● Your goal: Restate word for word the lines of the entries below, starting with the line that holds "text \<open>A vertex" and ending with the line that holds "ss) = ext_tree", and no others.
[Data shown — start]
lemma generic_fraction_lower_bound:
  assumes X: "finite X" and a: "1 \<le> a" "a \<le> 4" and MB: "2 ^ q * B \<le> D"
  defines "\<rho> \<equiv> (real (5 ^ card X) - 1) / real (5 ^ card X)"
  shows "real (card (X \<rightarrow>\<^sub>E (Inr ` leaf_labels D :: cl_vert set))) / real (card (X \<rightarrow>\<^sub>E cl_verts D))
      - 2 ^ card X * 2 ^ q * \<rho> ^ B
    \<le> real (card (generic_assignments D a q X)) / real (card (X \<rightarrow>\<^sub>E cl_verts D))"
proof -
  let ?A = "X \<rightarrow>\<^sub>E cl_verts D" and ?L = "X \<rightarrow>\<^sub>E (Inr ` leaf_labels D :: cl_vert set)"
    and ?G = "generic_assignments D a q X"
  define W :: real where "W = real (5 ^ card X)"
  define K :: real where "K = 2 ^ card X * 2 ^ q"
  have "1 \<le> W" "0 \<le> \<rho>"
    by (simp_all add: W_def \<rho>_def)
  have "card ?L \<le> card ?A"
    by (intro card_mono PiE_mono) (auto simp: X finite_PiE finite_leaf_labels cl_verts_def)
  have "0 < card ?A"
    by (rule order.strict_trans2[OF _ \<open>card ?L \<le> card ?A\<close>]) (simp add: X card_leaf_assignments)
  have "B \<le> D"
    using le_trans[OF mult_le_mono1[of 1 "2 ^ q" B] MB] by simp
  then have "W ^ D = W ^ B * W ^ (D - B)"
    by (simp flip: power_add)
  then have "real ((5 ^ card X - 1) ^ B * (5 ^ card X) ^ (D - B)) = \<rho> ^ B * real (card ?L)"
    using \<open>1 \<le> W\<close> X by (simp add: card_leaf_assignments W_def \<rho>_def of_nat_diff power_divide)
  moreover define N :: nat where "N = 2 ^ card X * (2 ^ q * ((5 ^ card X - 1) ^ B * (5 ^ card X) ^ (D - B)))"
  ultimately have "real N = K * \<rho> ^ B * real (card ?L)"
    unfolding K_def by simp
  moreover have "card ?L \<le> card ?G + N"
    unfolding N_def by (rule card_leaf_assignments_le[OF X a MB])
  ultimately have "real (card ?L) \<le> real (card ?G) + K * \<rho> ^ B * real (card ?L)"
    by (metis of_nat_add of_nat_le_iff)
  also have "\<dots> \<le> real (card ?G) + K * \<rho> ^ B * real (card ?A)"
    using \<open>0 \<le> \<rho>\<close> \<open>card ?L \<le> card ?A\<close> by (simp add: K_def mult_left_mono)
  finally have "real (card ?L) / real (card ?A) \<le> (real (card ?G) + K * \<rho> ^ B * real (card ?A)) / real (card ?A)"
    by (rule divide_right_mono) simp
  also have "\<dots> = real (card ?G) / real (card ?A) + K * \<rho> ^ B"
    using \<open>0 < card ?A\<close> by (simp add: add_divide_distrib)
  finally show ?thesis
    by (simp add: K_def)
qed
[Data shown — finish]
[Data shown — start]
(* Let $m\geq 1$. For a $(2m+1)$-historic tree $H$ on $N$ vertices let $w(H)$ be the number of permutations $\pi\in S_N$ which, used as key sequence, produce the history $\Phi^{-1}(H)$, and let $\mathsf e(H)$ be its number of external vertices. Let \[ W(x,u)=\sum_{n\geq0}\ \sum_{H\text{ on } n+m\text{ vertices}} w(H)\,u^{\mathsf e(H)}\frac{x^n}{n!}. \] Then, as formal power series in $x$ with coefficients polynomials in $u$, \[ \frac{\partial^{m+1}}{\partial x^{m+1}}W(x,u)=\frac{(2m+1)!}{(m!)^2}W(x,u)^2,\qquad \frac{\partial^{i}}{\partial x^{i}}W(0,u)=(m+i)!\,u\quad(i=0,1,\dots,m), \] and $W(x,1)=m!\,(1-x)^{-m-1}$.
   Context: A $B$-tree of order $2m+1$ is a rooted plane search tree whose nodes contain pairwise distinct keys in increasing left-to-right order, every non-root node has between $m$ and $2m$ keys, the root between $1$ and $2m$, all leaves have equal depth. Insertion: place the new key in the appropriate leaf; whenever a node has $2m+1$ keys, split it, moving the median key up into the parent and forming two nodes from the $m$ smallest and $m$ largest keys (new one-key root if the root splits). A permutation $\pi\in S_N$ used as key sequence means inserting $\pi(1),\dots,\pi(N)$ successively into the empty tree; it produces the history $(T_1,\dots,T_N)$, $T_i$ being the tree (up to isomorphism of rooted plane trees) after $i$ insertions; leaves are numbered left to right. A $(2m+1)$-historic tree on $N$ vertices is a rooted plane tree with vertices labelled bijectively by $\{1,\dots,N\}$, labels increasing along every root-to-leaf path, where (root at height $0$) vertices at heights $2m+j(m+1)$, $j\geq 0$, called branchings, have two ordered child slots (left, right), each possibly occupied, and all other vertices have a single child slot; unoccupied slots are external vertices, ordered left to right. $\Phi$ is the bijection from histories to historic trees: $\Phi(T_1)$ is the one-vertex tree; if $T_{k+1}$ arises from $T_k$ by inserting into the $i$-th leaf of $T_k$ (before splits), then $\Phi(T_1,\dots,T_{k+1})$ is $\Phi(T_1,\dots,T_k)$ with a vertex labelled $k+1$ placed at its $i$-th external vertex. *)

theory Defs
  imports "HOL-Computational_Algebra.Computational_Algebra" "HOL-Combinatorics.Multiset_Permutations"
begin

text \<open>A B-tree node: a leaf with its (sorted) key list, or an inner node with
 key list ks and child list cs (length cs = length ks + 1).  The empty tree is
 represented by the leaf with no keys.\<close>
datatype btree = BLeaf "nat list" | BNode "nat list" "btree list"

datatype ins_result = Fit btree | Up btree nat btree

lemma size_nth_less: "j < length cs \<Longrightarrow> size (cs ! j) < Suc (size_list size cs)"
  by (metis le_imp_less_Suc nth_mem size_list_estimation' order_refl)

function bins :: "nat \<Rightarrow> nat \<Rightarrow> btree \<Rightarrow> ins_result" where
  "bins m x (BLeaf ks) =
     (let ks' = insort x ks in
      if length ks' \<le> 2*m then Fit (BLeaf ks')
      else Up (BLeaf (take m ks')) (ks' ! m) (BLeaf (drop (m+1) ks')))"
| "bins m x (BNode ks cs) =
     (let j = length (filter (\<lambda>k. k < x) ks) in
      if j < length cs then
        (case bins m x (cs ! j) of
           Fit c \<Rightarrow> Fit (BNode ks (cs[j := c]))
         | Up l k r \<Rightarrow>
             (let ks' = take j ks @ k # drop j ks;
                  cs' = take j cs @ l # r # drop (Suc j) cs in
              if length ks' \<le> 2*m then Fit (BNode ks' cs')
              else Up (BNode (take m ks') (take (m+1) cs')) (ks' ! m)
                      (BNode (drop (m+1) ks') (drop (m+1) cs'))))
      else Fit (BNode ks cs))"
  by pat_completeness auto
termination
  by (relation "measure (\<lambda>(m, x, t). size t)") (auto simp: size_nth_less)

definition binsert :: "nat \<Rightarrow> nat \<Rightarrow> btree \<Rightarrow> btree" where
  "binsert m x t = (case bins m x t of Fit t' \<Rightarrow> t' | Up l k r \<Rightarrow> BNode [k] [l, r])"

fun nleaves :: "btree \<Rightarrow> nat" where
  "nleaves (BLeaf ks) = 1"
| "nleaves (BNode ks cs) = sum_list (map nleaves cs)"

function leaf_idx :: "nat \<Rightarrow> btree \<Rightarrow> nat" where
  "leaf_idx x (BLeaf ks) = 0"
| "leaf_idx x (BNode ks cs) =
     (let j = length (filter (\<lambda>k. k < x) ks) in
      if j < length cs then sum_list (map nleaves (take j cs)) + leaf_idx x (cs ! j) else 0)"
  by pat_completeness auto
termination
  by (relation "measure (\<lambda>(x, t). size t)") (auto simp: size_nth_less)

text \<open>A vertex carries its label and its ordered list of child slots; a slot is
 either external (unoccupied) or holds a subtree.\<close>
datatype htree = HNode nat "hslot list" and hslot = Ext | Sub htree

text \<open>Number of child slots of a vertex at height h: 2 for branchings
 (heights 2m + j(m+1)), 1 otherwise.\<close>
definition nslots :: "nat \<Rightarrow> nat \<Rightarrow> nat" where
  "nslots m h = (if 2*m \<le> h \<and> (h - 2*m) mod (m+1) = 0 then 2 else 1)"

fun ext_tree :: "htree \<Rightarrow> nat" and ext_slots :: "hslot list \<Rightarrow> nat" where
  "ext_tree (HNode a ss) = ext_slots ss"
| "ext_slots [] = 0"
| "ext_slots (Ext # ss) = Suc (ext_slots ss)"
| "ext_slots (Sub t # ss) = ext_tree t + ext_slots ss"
[Data shown — finish]
● Solution:
text \<open>A vertex carries its label and its ordered list of child slots; a slot is
 either external (unoccupied) or holds a subtree.\<close>
datatype htree = HNode nat "hslot list" and hslot = Ext | Sub htree

text \<open>Number of child slots of a vertex at height h: 2 for branchings
 (heights 2m + j(m+1)), 1 otherwise.\<close>
definition nslots :: "nat \<Rightarrow> nat \<Rightarrow> nat" where
  "nslots m h = (if 2*m \<le> h \<and> (h - 2*m) mod (m+1) = 0 then 2 else 1)"

fun ext_tree :: "htree \<Rightarrow> nat" and ext_slots :: "hslot list \<Rightarrow> nat" where
  "ext_tree (HNode a ss) = ext_slots ss"
| "ext_slots [] = 0"
| "ext_slots (Ext # ss) = Suc (ext_slots ss)"
| "ext_slots (Sub t # ss) = ext_tree t + ext_slots ss"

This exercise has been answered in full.